Residents of a coastal town are voicing opposition to plans for a wind farm in the area.
Tuesday, a group including local fishermen got together to hand in a petition to try and stop it.
Alyssa Thurlow tells us how this could affect local fisheries if it goes into affect.
“St. George is a fishing community. We’re made up of numerous villages, two of which are historic 250 year old fishing villages and the fishermen are against this project,” says Port Clyde resident, Scott Sullivan.
Residents of the town of St. George, which includes Tenants Harbor and Port Clyde are voicing their opposition in the form of a petition with more than 300 signatures.
Over the past few months the town has been concerned about plans made by Maine Aqua Ventus to build a wind farm near Monhegan Island and bring the cables from the turbines onto the shore in St. George.

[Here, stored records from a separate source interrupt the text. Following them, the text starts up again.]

(* For every $l\ge 9$, the graph $C_l\uplus Q(2,2,2)$ has a dispersed $4$-placement.
   Context: $H_1\uplus H_2$ denotes the vertex-disjoint union. $Q(n_1,\dots,n_t)$ ($1\le n_1\le\cdots\le n_t$) is the tree obtained from the star with centre $v$ and $t$ leaves by replacing each leaf with a path $P_{n_i}=v^i_1v^i_2\cdots v^i_{n_i}$, where $v$ is adjacent to $v^i_1$; so $Q(2,2,2)$ is the spider with three legs of length 2 (7 vertices). For a graph $H$ on $m$ vertices, a $k$-placement of $H$ is a $k$-tuple $(\phi_1,\dots,\phi_k)$ of bijections $\phi_i:V(H)\to V(K_m)$ with pairwise disjoint edge sets $\phi_i(E(H))$; it is dispersed if $\phi_i(v)\ne\phi_j(v)$ for every vertex $v$ and all $i\ne j$. *)

theory Defs
  imports Main
begin

text \<open>A (simple) graph is a pair (V, E): a finite vertex set V and a set E of
  2-element subsets of V (undirected edges).\<close>

type_synonym 'a graph = "'a set \<times> 'a set set"

text \<open>Cycle C_l on vertices 0..l-1 (meaningful for l \<ge> 3).\<close>
definition cycle_graph :: "nat \<Rightarrow> nat graph" where
  "cycle_graph l = ({0..<l}, {{i, Suc i mod l} | i. i < l})"

text \<open>The tree Q(n_1,...,n_t): centre None, and Some (i, j) is the vertex v^{i+1}_{j+1}
  of the path P_{n_{i+1}} (0-based indices).\<close>
definition Q_graph :: "nat list \<Rightarrow> (nat \<times> nat) option graph" where
  "Q_graph ns =
     ({None} \<union> {Some (i, j) | i j. i < length ns \<and> j < ns ! i},
      {{None, Some (i, 0)} | i. i < length ns \<and> 0 < ns ! i}
      \<union> {{Some (i, j), Some (i, Suc j)} | i j. i < length ns \<and> Suc j < ns ! i})"

definition disj_union :: "'a graph \<Rightarrow> 'b graph \<Rightarrow> ('a + 'b) graph" where
  "disj_union G H =
     (Inl ` fst G \<union> Inr ` fst H, (image Inl) ` snd G \<union> (image Inr) ` snd H)"

text \<open>A k-placement of H (with m = |V(H)| vertices) is a k-tuple (phi_0,...,phi_{k-1}) of
  bijections V(H) \<rightarrow> V(K_m) = {0..<m} whose images of the edge set are pairwise disjoint.\<close>
definition placement :: "'a graph \<Rightarrow> nat \<Rightarrow> (nat \<Rightarrow> 'a \<Rightarrow> nat) \<Rightarrow> bool" where
  "placement H k \<phi> \<longleftrightarrow>
     (\<forall>i<k. bij_betw (\<phi> i) (fst H) {0..<card (fst H)}) \<and>
     (\<forall>i<k. \<forall>j<k. i \<noteq> j \<longrightarrow> (image (\<phi> i)) ` snd H \<inter> (image (\<phi> j)) ` snd H = {})"

definition dispersed_placement :: "'a graph \<Rightarrow> nat \<Rightarrow> (nat \<Rightarrow> 'a \<Rightarrow> nat) \<Rightarrow> bool" where
  "dispersed_placement H k \<phi> \<longleftrightarrow>
     placement H k \<phi> \<and> (\<forall>i<k. \<forall>j<k. i \<noteq> j \<longrightarrow> (\<forall>v\<in>fst H. \<phi> i v \<noteq> \<phi> j v))"

end

theory Submission
  imports Defs "HOL-Number_Theory.Cong"
begin

(*
  All four copies are rotations of one labelling. If f is a bijection from the n = l + 7 vertices
  onto Z_n, the maps v \<mapsto> f v + 2i (i < 4) are bijections that differ at every vertex, and copy i
  sends an edge xy to a pair with sum f x + f y + 4i. So if all edge sums f x + f y lie in a set K
  whose translates K + 4i are pairwise disjoint modulo n, the four edge sets are disjoint.

  For l \<ge> 29, label the vertices in an order in which consecutive vertices are almost always
  adjacent by the zigzag 0, 1, n - 1, 2, n - 2, ...: consecutive sums alternate between 1 and 0,
  and the two remaining edges (closing the cycle, branching at the spider centre) have sums C
  near n/2 and X \<in> {2, n - 1}; K = {0, 1, C, X} works. For 9 \<le> l \<le> 28 explicit labellings with
  all edge sums in {0, 1, 2, 3} are checked by evaluation.
*)

lemma bij_betw_add_mod:
  assumes "0 < n"
  shows "bij_betw (\<lambda>x. (x + c) mod n) {0..<n} {0..<(n::nat)}"
proof -
  have inj: "inj_on (\<lambda>x. (x + c) mod n) {0..<n}"
  proof (rule inj_onI)
    fix x y assume "x \<in> {0..<n}" "y \<in> {0..<n}" "(x + c) mod n = (y + c) mod n"
    then have "[x + c = y + c] (mod n)" by (simp add: cong_def)
    then have "[x = y] (mod n)" by (simp add: cong_add_rcancel_nat)
    with \<open>x \<in> _\<close> \<open>y \<in> _\<close> show "x = y" by (simp add: cong_def)
  qed
  moreover have "(\<lambda>x. (x + c) mod n) ` {0..<n} = {0..<n}"
    using assms by (intro endo_inj_surj[OF _ _ inj]) auto
  ultimately show ?thesis by (simp add: bij_betw_def)
qed

lemma bij_betw_nth_if_sort_eq_upt:
  assumes "sort xs = [0..<n]"
  shows "bij_betw (nth xs) {0..<n} {0..<n}"
proof (rule bij_betw_nth)
  show "distinct xs" using assms by (metis distinct_sort distinct_upt)
  show "{0..<n} = {..<length xs}" using assms by (metis atLeast0LessThan length_sort length_upt minus_nat.diff_0)
  show "{0..<n} = set xs" using assms by (metis set_sort set_upt)
qed

lemma mod_add_shifted_pair:
  "((x + c) mod n + (y + c) mod n) mod n = ((x + y) mod n + 2 * c) mod (n::nat)"
proof -
  have "((x + c) mod n + (y + c) mod n) mod n = ((x + y) + 2 * c) mod n"
    unfolding mod_add_eq by (simp add: mult_2 add_ac)
  also have "\<dots> = ((x + y) mod n + 2 * c) mod n"
    by (simp add: mod_add_left_eq)
  finally show ?thesis .
qed

lemma sum_eq_if_doubleton_eq: "{a, b} = {c, d} \<Longrightarrow> a + b = c + (d::nat)"
  by (auto simp: doubleton_eq_iff)

lemma dispersed_placement_of_sum_labelling:
  fixes H :: "'a graph" and f :: "'a \<Rightarrow> nat" and s :: "nat \<Rightarrow> nat"
  assumes f: "bij_betw f (fst H) {0..<n}"
    and edge_sums: "\<And>e. e \<in> snd H \<Longrightarrow> \<exists>x y. e = {x, y} \<and> (f x + f y) mod n \<in> K"
    and shifts: "\<And>i. i < k \<Longrightarrow> s i < n" "inj_on s {..<k}"
    and separated: "\<And>i j a b. \<lbrakk>i < k; j < k; i \<noteq> j; a \<in> K; b \<in> K\<rbrakk>
      \<Longrightarrow> (a + 2 * s i) mod n \<noteq> (b + 2 * s j) mod n"
  shows "dispersed_placement H k (\<lambda>i v. (f v + s i) mod n)"
proof -
  define \<phi> where "\<phi> = (\<lambda>i v. (f v + s i) mod n)"
  have card: "card (fst H) = n"
    using bij_betw_same_card[OF f] by simp
  have bij: "bij_betw (\<phi> i) (fst H) {0..<n}" if "i < k" for i
  proof -
    have "0 < n" using shifts(1)[OF that] by simp
    then show ?thesis
      unfolding \<phi>_def using bij_betw_trans[OF f bij_betw_add_mod] by (simp add: comp_def)
  qed
  have disjoint: "image (\<phi> i) ` snd H \<inter> image (\<phi> j) ` snd H = {}"
    if ij: "i < k" "j < k" "i \<noteq> j" for i j
  proof (rule ccontr)
    assume "image (\<phi> i) ` snd H \<inter> image (\<phi> j) ` snd H \<noteq> {}"
    then obtain e e' where "e \<in> snd H" "e' \<in> snd H" and same: "\<phi> i ` e = \<phi> j ` e'"
      by auto
    obtain x y where e: "e = {x, y}" "(f x + f y) mod n \<in> K"
      using edge_sums[OF \<open>e \<in> snd H\<close>] by blast
    obtain x' y' where e': "e' = {x', y'}" "(f x' + f y') mod n \<in> K"
      using edge_sums[OF \<open>e' \<in> snd H\<close>] by blast
    have "{\<phi> i x, \<phi> i y} = {\<phi> j x', \<phi> j y'}"
      using same unfolding e(1) e'(1) image_insert image_empty .
    then have "\<phi> i x + \<phi> i y = \<phi> j x' + \<phi> j y'"
      by (rule sum_eq_if_doubleton_eq)
    then have "(\<phi> i x + \<phi> i y) mod n = (\<phi> j x' + \<phi> j y') mod n"
      by (simp only:)
    then have "((f x + f y) mod n + 2 * s i) mod n = ((f x' + f y') mod n + 2 * s j) mod n"
      unfolding \<phi>_def mod_add_shifted_pair .
    with separated[OF ij e(2) e'(2)] show False ..
  qed
  have dispersed: "\<phi> i v \<noteq> \<phi> j v" if ij: "i < k" "j < k" "i \<noteq> j" for i j v
  proof
    assume "\<phi> i v = \<phi> j v"
    then have "[f v + s i = f v + s j] (mod n)"
      unfolding \<phi>_def cong_def .
    then have "[s i = s j] (mod n)"
      by (simp add: cong_add_lcancel_nat)
    then have "s i = s j" using shifts(1)[OF ij(1)] shifts(1)[OF ij(2)] by (simp add: cong_def)
    with ij shifts(2) show False by (simp add: inj_on_def)
  qed
  have "dispersed_placement H k \<phi>"
    unfolding dispersed_placement_def placement_def card
    by (intro conjI allI impI ballI bij disjoint dispersed)
  then show ?thesis
    unfolding \<phi>_def .
qed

“A couple of months ago there was a meeting held right here where I’d say over 200 fishermen came and voiced their concerns about this project overall and there was not a single voice of support.”
The non-profit group, Preserve Our Remarkable Town (PORT) joined forces with the Maine Coast Fishermen’s Association to share concerns that this project may have on the way of life for many in the area.
“This is not good for their long term future and for the fishing economies and fishing businesses in St. George and therefore we need to take a stand against it.”
Many fishermen in the area believe that this move will not only hurt their businesses but also their way of life, while folks at the Maine Aqua Ventus have a different story.
In a statement on their website, Maine Aqua Ventus says, “they look forward to continued dialogue with residents and fishermen of St. George as to what the facts of the proposed MAV demonstate project are and that information being distributed through the recent petition effort does not accurately reflect project plans.”
The proposal includes the building of two floating wind turbines with cable running through St. George, which fishermen say could put them out of business.
“With the math I’ve done four farms would eliminate the fishing grounds I’d fish in my whole career. That’s just too much,” says Port Clyde fisherman, Randy Cushman.
Residents say they’re willing to work together with Maine Aqua Ventus to come up with a better solution.
“We need food and we need electricity. I’m not sure what the exact balance is but we’ve got to be careful that we don’t take away too much of the food production in order to generate wind power,” says Port Clyde President, Glen Libby.